===== Materials provided =====
theorem theorem2p2:
  fixes n N1 N2 :: nat
    and a1 a2 \<alpha>1 \<alpha>2 :: "nat \<Rightarrow> real"
    and f1 f2 f1' f2' pc dpc dpc' :: "real \<Rightarrow> real"
    and c1 c2 r0 s0 :: real
  assumes n: "n \<ge> 2"
    and g1: "admissible_g N1 a1 \<alpha>1" and g2: "admissible_g N2 a2 \<alpha>2"
    \<comment> \<open>Assumption A\<close>
    and f1_cont: "continuous_on {0..1} f1" and f2_cont: "continuous_on {0..1} f2"
    and f1_der: "\<And>x. x \<in> {0<..<1} \<Longrightarrow> (f1 has_real_derivative f1' x) (at x)"
    and f2_der: "\<And>x. x \<in> {0<..<1} \<Longrightarrow> (f2 has_real_derivative f2' x) (at x)"
    and f1'_cont: "continuous_on {0<..<1} f1'" and f2'_cont: "continuous_on {0<..<1} f2'"
    and f1_0: "f1 0 = 0" and f2_1: "f2 1 = 0"
    and f1'_pos: "\<And>x. x \<in> {0<..<1} \<Longrightarrow> f1' x > 0"
    and f2'_neg: "\<And>x. x \<in> {0<..<1} \<Longrightarrow> f2' x < 0"
    \<comment> \<open>Assumption B (dpc = p_c', dpc' = p_c'')\<close>
    and pc_der: "\<And>x. x \<in> {0<..<1} \<Longrightarrow> (pc has_real_derivative dpc x) (at x)"
    and dpc_der: "\<And>x. x \<in> {0<..<1} \<Longrightarrow> (dpc has_real_derivative dpc' x) (at x)"
    and dpc'_cont: "continuous_on {0<..<1} dpc'"
    and dpc_pos: "\<And>x. x \<in> {0<..<1} \<Longrightarrow> dpc x > 0"
    \<comment> \<open>Condition (P)\<close>
    and P1: "filterlim (\<lambda>S. dpc S * f1 S) at_top (at_right 0)"
    and P2: "filterlim (\<lambda>S. dpc S * f2 S) at_top (at_left 1)"
    and c: "c1\<^sup>2 + c2\<^sup>2 > 0"
    and r0: "r0 > 0" and s0: "0 < s0" "s0 < 1"
    and cases:
      "(c2 \<le> 0 \<and> 0 < c1 \<and> Limsup (at_right 0) (\<lambda>S. ereal (deriv (Fi dpc f1) S)) < \<infinity>)
     \<or> (c1 = 0 \<and> c2 < 0 \<and> Limsup (at_right 0) (\<lambda>S. ereal (deriv (Fi dpc f2) S)) < \<infinity>)
     \<or> (c1 \<le> 0 \<and> 0 < c2 \<and> Liminf (at_left 1) (\<lambda>S. ereal (deriv (Fi dpc f2) S)) > -\<infinity>)
     \<or> (c2 = 0 \<and> c1 < 0 \<and> Liminf (at_left 1) (\<lambda>S. ereal (deriv (Fi dpc f1) S)) > -\<infinity>)
     \<or> (c1 > 0 \<and> c2 > 0 \<and> Limsup (at_right 0) (\<lambda>S. ereal (deriv (Fi dpc f1) S)) < \<infinity>
                        \<and> Liminf (at_left 1) (\<lambda>S. ereal (deriv (Fi dpc f2) S)) > -\<infinity>)
     \<or> (c1 < 0 \<and> c2 < 0)"
  shows "\<exists>S :: real \<Rightarrow> real. S r0 = s0 \<and> continuous_on {r0..} S
     \<and> (\<forall>r\<ge>r0. 0 < S r \<and> S r < 1)
     \<and> (\<forall>r>r0. (S has_real_derivative
            Frhs n c1 c2 (Gfun N1 a1 \<alpha>1) (Gfun N2 a2 \<alpha>2) dpc f1 f2 r (S r)) (at r))"
proof -
  interpret two_phase_flux f1 f2 f1' f2' dpc dpc'
    using f1_cont f2_cont f1_der f2_der f1'_cont f2'_cont f1_0 f2_1 f1'_pos f2'_neg
      dpc_der dpc'_cont dpc_pos P1 P2
    by unfold_locales
  define \<rho> where "\<rho> r = r powr (1 - real n)" for r
  define A where "A r = Gfun N2 a2 \<alpha>2 (c2 * \<rho> r)" for r
  define B where "B r = Gfun N1 a1 \<alpha>1 (c1 * \<rho> r)" for r
  have \<rho>: "continuous_on {r0..} \<rho>" "\<And>r. r \<ge> r0 \<Longrightarrow> 0 < \<rho> r \<and> \<rho> r \<le> \<rho> r0"
    using r0 n by (auto simp: \<rho>_def intro!: continuous_intros powr_mono2')
  obtain KA KB where
    A: "continuous_on {r0..} A" "\<And>r. r \<ge> r0 \<Longrightarrow> \<bar>A r\<bar> \<le> KA \<and> sgn (A r) = sgn c2" and
    B: "continuous_on {r0..} B" "\<And>r. r \<ge> r0 \<Longrightarrow> \<bar>B r\<bar> \<le> KB \<and> sgn (B r) = sgn c1"
    unfolding A_def B_def using Gfun_coefficient[OF g2 \<rho>] Gfun_coefficient[OF g1 \<rho>] by metis
  have "\<exists>C. \<forall>\<^sub>F S in at_right 0. \<forall>r\<ge>r0. - C * S \<le> A r * F2 S - B r * F1 S"
  proof (rule lower_barrier[OF A(2) B(2)])
    show "\<exists>M. \<forall>r\<ge>r0. \<bar>A r\<bar> \<le> M * \<bar>B r\<bar>" if "c1 < 0"
      unfolding A_def B_def using that by (intro Gfun_coefficients_comparable[OF g2 g1 _ \<rho>(2)]) simp
  qed (use cases in auto)
  moreover have "\<exists>C. \<forall>\<^sub>F S in at_left 1. \<forall>r\<ge>r0. - C * (1 - S) \<le> B r * F1 S - A r * F2 S"
  proof (rule upper_barrier[OF A(2) B(2)])
    show "\<exists>M. \<forall>r\<ge>r0. \<bar>B r\<bar> \<le> M * \<bar>A r\<bar>" if "c2 < 0"
      unfolding A_def B_def using that by (intro Gfun_coefficients_comparable[OF g1 g2 _ \<rho>(2)]) simp
  qed (use cases in auto)
  ultimately have "\<exists>S. S r0 = s0 \<and> continuous_on {r0..} S \<and> (\<forall>r\<ge>r0. 0 < S r \<and> S r < 1)
     \<and> (\<forall>r>r0. (S has_real_derivative A r * F2 (S r) - B r * F1 (S r)) (at r))"
    using A(2) B(2)
    by (intro unit_interval_solution_of_combination[where KA = KA and KB = KB,
          OF A(1) _ B(1) _ F2(2,4) F1(2,4) _ _ s0]) auto
  then show ?thesis
    by (simp add: Frhs_def A_def B_def \<rho>_def)
qed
=====
What this task involves » From the records above, quote only the lines running from the line with "and a1 a2 \<alpha>1" to the line with "f1) S)) > -\<infinity>)", both lines included.

Your solution »
    and a1 a2 \<alpha>1 \<alpha>2 :: "nat \<Rightarrow> real"
    and f1 f2 f1' f2' pc dpc dpc' :: "real \<Rightarrow> real"
    and c1 c2 r0 s0 :: real
  assumes n: "n \<ge> 2"
    and g1: "admissible_g N1 a1 \<alpha>1" and g2: "admissible_g N2 a2 \<alpha>2"
    \<comment> \<open>Assumption A\<close>
    and f1_cont: "continuous_on {0..1} f1" and f2_cont: "continuous_on {0..1} f2"
    and f1_der: "\<And>x. x \<in> {0<..<1} \<Longrightarrow> (f1 has_real_derivative f1' x) (at x)"
    and f2_der: "\<And>x. x \<in> {0<..<1} \<Longrightarrow> (f2 has_real_derivative f2' x) (at x)"
    and f1'_cont: "continuous_on {0<..<1} f1'" and f2'_cont: "continuous_on {0<..<1} f2'"
    and f1_0: "f1 0 = 0" and f2_1: "f2 1 = 0"
    and f1'_pos: "\<And>x. x \<in> {0<..<1} \<Longrightarrow> f1' x > 0"
    and f2'_neg: "\<And>x. x \<in> {0<..<1} \<Longrightarrow> f2' x < 0"
    \<comment> \<open>Assumption B (dpc = p_c', dpc' = p_c'')\<close>
    and pc_der: "\<And>x. x \<in> {0<..<1} \<Longrightarrow> (pc has_real_derivative dpc x) (at x)"
    and dpc_der: "\<And>x. x \<in> {0<..<1} \<Longrightarrow> (dpc has_real_derivative dpc' x) (at x)"
    and dpc'_cont: "continuous_on {0<..<1} dpc'"
    and dpc_pos: "\<And>x. x \<in> {0<..<1} \<Longrightarrow> dpc x > 0"
    \<comment> \<open>Condition (P)\<close>
    and P1: "filterlim (\<lambda>S. dpc S * f1 S) at_top (at_right 0)"
    and P2: "filterlim (\<lambda>S. dpc S * f2 S) at_top (at_left 1)"
    and c: "c1\<^sup>2 + c2\<^sup>2 > 0"
    and r0: "r0 > 0" and s0: "0 < s0" "s0 < 1"
    and cases:
      "(c2 \<le> 0 \<and> 0 < c1 \<and> Limsup (at_right 0) (\<lambda>S. ereal (deriv (Fi dpc f1) S)) < \<infinity>)
     \<or> (c1 = 0 \<and> c2 < 0 \<and> Limsup (at_right 0) (\<lambda>S. ereal (deriv (Fi dpc f2) S)) < \<infinity>)
     \<or> (c1 \<le> 0 \<and> 0 < c2 \<and> Liminf (at_left 1) (\<lambda>S. ereal (deriv (Fi dpc f2) S)) > -\<infinity>)
     \<or> (c2 = 0 \<and> c1 < 0 \<and> Liminf (at_left 1) (\<lambda>S. ereal (deriv (Fi dpc f1) S)) > -\<infinity>)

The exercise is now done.